Roundup: Different lessons before the by-election

Not that Parliament has risen for the summer, the leaders can begin their summer tours in earnest, without having to take those inconvenient breaks to show up for the odd Question Period or a vote here or there. Because you know, they’re meeting with “real Canadians” as opposed to doing their actual jobs. And with by-elections happening a week away, both Trudeau and Mulcair are in Toronto today to campaign there, both of them drawing different lessons from the Ontario election, while the people who study these sorts of things aren’t necessarily sure that voters are committed to the same parties provincially and federally, and that they may be making a different calculation electorally.

As part of restructuring the Department of Justice plans to cut 65 lawyers and 15 managers over the next three years, along with an overhaul of legal services. Why is this important? A few reasons – the growth in outsourcing of legal services has been noted, they have stopped publishing their research and are being restricted in the areas of research that they have been doing, and we are seeing an increase in the number of bills being brought forward that aren’t passing the constitutional smell test by the courts, and we’ve heard the stories that the government will push ahead if their legal advice is such that if they have a five percent chance of succeeding a constitutional challenge, they’ll go for it. These cuts could exacerbate the issues within the department going forward.

If you needed any more proof that it was time for MPs to go home, there were some salty words exchanged between Paul Calandra and John McKay during a departmental briefing on the Rouge Park bill.

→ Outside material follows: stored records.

lemma bi_lipschitz_compose:
  assumes f: "bi_lipschitz lam f M d N e" and g: "bi_lipschitz mu g N e P c"
    and "0 < lam" "0 < mu"
  shows "bi_lipschitz (lam * mu) (g \<circ> f) M d P c"
  unfolding bi_lipschitz_def
proof (intro conjI ballI impI)
  show "(g \<circ> f) ` M \<subseteq> P" "inj_on (g \<circ> f) M"
    using f g by (auto simp: bi_lipschitz_def intro: comp_inj_on inj_on_subset)
  fix a b assume "a \<in> M" "b \<in> M" "a \<noteq> b"
  then have "f a \<in> N" "f b \<in> N" "f a \<noteq> f b"
    and fab: "e (f a) (f b) < lam * d a b" "d a b < lam * e (f a) (f b)"
    using f by (auto simp: bi_lipschitz_def inj_on_def)
  then have gfab: "c (g (f a)) (g (f b)) < mu * e (f a) (f b)" "e (f a) (f b) < mu * c (g (f a)) (g (f b))"
    using g by (auto simp: bi_lipschitz_def)
  show "c ((g \<circ> f) a) ((g \<circ> f) b) < lam * mu * d a b"
    using gfab(1) mult_strict_left_mono[OF fab(1) \<open>0 < mu\<close>] by (simp add: mult_ac)
  show "d a b < lam * mu * c ((g \<circ> f) a) ((g \<circ> f) b)"
    using fab(2) mult_strict_left_mono[OF gfab(2) \<open>0 < lam\<close>] by (simp add: mult_ac)
qed

text \<open>The hypotheses force \<open>lam > 1\<close> unless \<open>M\<close> has at most one point; \<open>\<bar>lam\<bar> + 1\<close> avoids that case split.\<close>

lemma bi_lipschitz_imp_continuous_map:
  assumes X: "Metric_space M d" and Y: "Metric_space N e" and f: "bi_lipschitz lam f M d N e"
  shows "continuous_map (Metric_space.mtopology M d) (Metric_space.mtopology N e) f"
  unfolding Metric_space.metric_continuous_map[OF X Y]
proof (intro conjI ballI allI impI)
  show "f ` M \<subseteq> N" using f by (simp add: bi_lipschitz_def)
  fix a and \<epsilon> :: real assume "a \<in> M" "\<epsilon> > 0"
  show "\<exists>\<delta>>0. \<forall>x. x \<in> M \<and> d a x < \<delta> \<longrightarrow> e (f a) (f x) < \<epsilon>"
  proof (intro exI conjI allI impI)
    show "\<epsilon> / (\<bar>lam\<bar> + 1) > 0" using \<open>\<epsilon> > 0\<close> by simp
    fix x assume x: "x \<in> M \<and> d a x < \<epsilon> / (\<bar>lam\<bar> + 1)"
    have "e (f a) (f x) \<le> lam * d a x"
      using bi_lipschitz_le[OF X Y f \<open>a \<in> M\<close>] x by blast
    also have "\<dots> \<le> (\<bar>lam\<bar> + 1) * d a x"
      using Metric_space.nonneg[OF X] by (intro mult_right_mono) auto
    also have "\<dots> < \<epsilon>"
      using x by (simp add: field_simps add_pos_nonneg)
    finally show "e (f a) (f x) < \<epsilon>" .
  qed
qed

lemma isometric_sym:
  assumes "isometric M d N e" shows "isometric N e M d"
proof -
  obtain f where f: "bij_betw f M N" "\<forall>a\<in>M. \<forall>b\<in>M. e (f a) (f b) = d a b"
    using assms by (auto simp: isometric_def)
  have "d (inv_into M f a) (inv_into M f b) = e a b" if "a \<in> N" "b \<in> N" for a b
  proof -
    have "inv_into M f a \<in> M" "inv_into M f b \<in> M" "f (inv_into M f a) = a" "f (inv_into M f b) = b"
      using f(1) that by (auto simp: bij_betw_def inv_into_into f_inv_into_f)
    then show ?thesis using f(2) by metis
  qed
  then show ?thesis
    using bij_betw_inv_into[OF f(1)] by (auto simp: isometric_def)
qed

definition proper_metric :: "'a set \<Rightarrow> ('a \<Rightarrow> 'a \<Rightarrow> real) \<Rightarrow> bool" where
  "proper_metric M d \<longleftrightarrow>
     (\<forall>x\<in>M. \<forall>r. compactin (Metric_space.mtopology M d) (Metric_space.mcball M d x r))"

lemma proper_metric_bi_lipschitz_image:
  assumes X: "Metric_space M d" and Y: "Metric_space N e" and "proper_metric M d"
    and f: "bij_betw f M N" "bi_lipschitz lam f M d N e"
  shows "proper_metric N e"
  unfolding proper_metric_def
proof (intro ballI allI)
  interpret X: Metric_space M d by (rule X)
  interpret Y: Metric_space N e by (rule Y)
  fix y R assume "y \<in> N"
  define g where "g = inv_into M f"
  have g: "bi_lipschitz lam g N e M d" "\<And>p. p \<in> N \<Longrightarrow> g p \<in> M" "\<And>p. p \<in> N \<Longrightarrow> f (g p) = p"
    using f bi_lipschitz_inv_into[OF f] by (auto simp: g_def bij_betw_def inv_into_into f_inv_into_f)
  define K where "K = X.mcball (g y) (\<bar>lam\<bar> * R)"
  have "Y.mcball y R \<subseteq> f ` K"
  proof
    fix p assume "p \<in> Y.mcball y R"
    then have "p \<in> N" "e y p \<le> R" by auto
    have "d (g y) (g p) \<le> lam * e y p"
      using bi_lipschitz_le[OF Y X g(1) \<open>y \<in> N\<close> \<open>p \<in> N\<close>] by blast
    also have "\<dots> \<le> \<bar>lam\<bar> * R"
      using \<open>e y p \<le> R\<close> Y.nonneg[of y p] by (metis abs_ge_self abs_ge_zero mult_mono order_trans)
    finally have "g p \<in> K" using g(2) \<open>y \<in> N\<close> \<open>p \<in> N\<close> by (simp add: K_def)
    then show "p \<in> f ` K" using g(3)[OF \<open>p \<in> N\<close>] by force
  qed
  moreover have "compactin Y.mtopology (f ` K)"
    using assms(3) g(2)[OF \<open>y \<in> N\<close>] unfolding proper_metric_def K_def
    by (blast intro: image_compactin bi_lipschitz_imp_continuous_map[OF X Y f(2)])
  ultimately show "compactin Y.mtopology (Y.mcball y R)"
    using closed_compactin Y.closedin_mcball by blast
qed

Saturday was National Aboriginal Day, with events taking place around the country. Meanwhile, the AFN is facing an existential crisis as its members meet to discuss the new leadership selection process and timing, as there are questions as to whether it can survive its current internal divisions and those rebellious chiefs who are trying to make a bigger profile for themselves.

Here is more about the secondary pipeline that is part of Northern Gateway, which goes from Kitimat back to Alberta, carrying the pentane diluents that will be used to make the heavy bitumen flow from Alberta to Kitimat.

The Canadian Press took at Access to Information to find a panicked email chain involving no less than 17 public servants back in Ottawa after John Baird made some Keystone XL remarks at a Washington speech.

The NDP are trying to push the theory that they’re being ganged up on in the Board of Internal Economy because they put the heat on Harper over the Senate issue. Or maybe it’s because they were caught having broken the rules, and the other parties couldn’t resist letting the purer-than-pure NDP fall from their lofty pedestal a little? Maybe.

Conservative-turned-Independent MP Dean Del Mastro goes to trial today on charges stemming from his 2008 election spending. Here’s a preview of what the issues are.

Thomas Mulcair took to the op-ed pages to talk about how the public service needs better protections from politicization – and yet he and his party were accusing Daniel Therrien, the new privacy commissioner, of being in line with the government’s agenda around privacy rather than being a civil servant and doing what his political masters asked of him. So in other words, he too was politicizing a civil servant. Oops.

If you want to read more about the lack of diversity in judicial appointments, here’s a paper by University of Ottawa law professor Rosemary Cairns Way that examines the issues. Peter MacKay, meanwhile, doubled down with a whiny post on his Facebook page and claimed that he’s been misrepresented, and that judicial appointments for women have gone up 17 percent since the Conservatives came to power. The problem, however, is that the numbers don’t support that conclusion.

150 years ago this week, a key juncture on the road to Confederation happened, as John A. Macdonald and George Brown, bitter rivals, agreed to put aside their differences in order to form a coalition with Coalition as the end goal.

And Tabatha Southey delivers an epic takedown of Peter MacKay’s utter ineptitude, dubbing him the Minster of Wrong Again. And it’s glorious.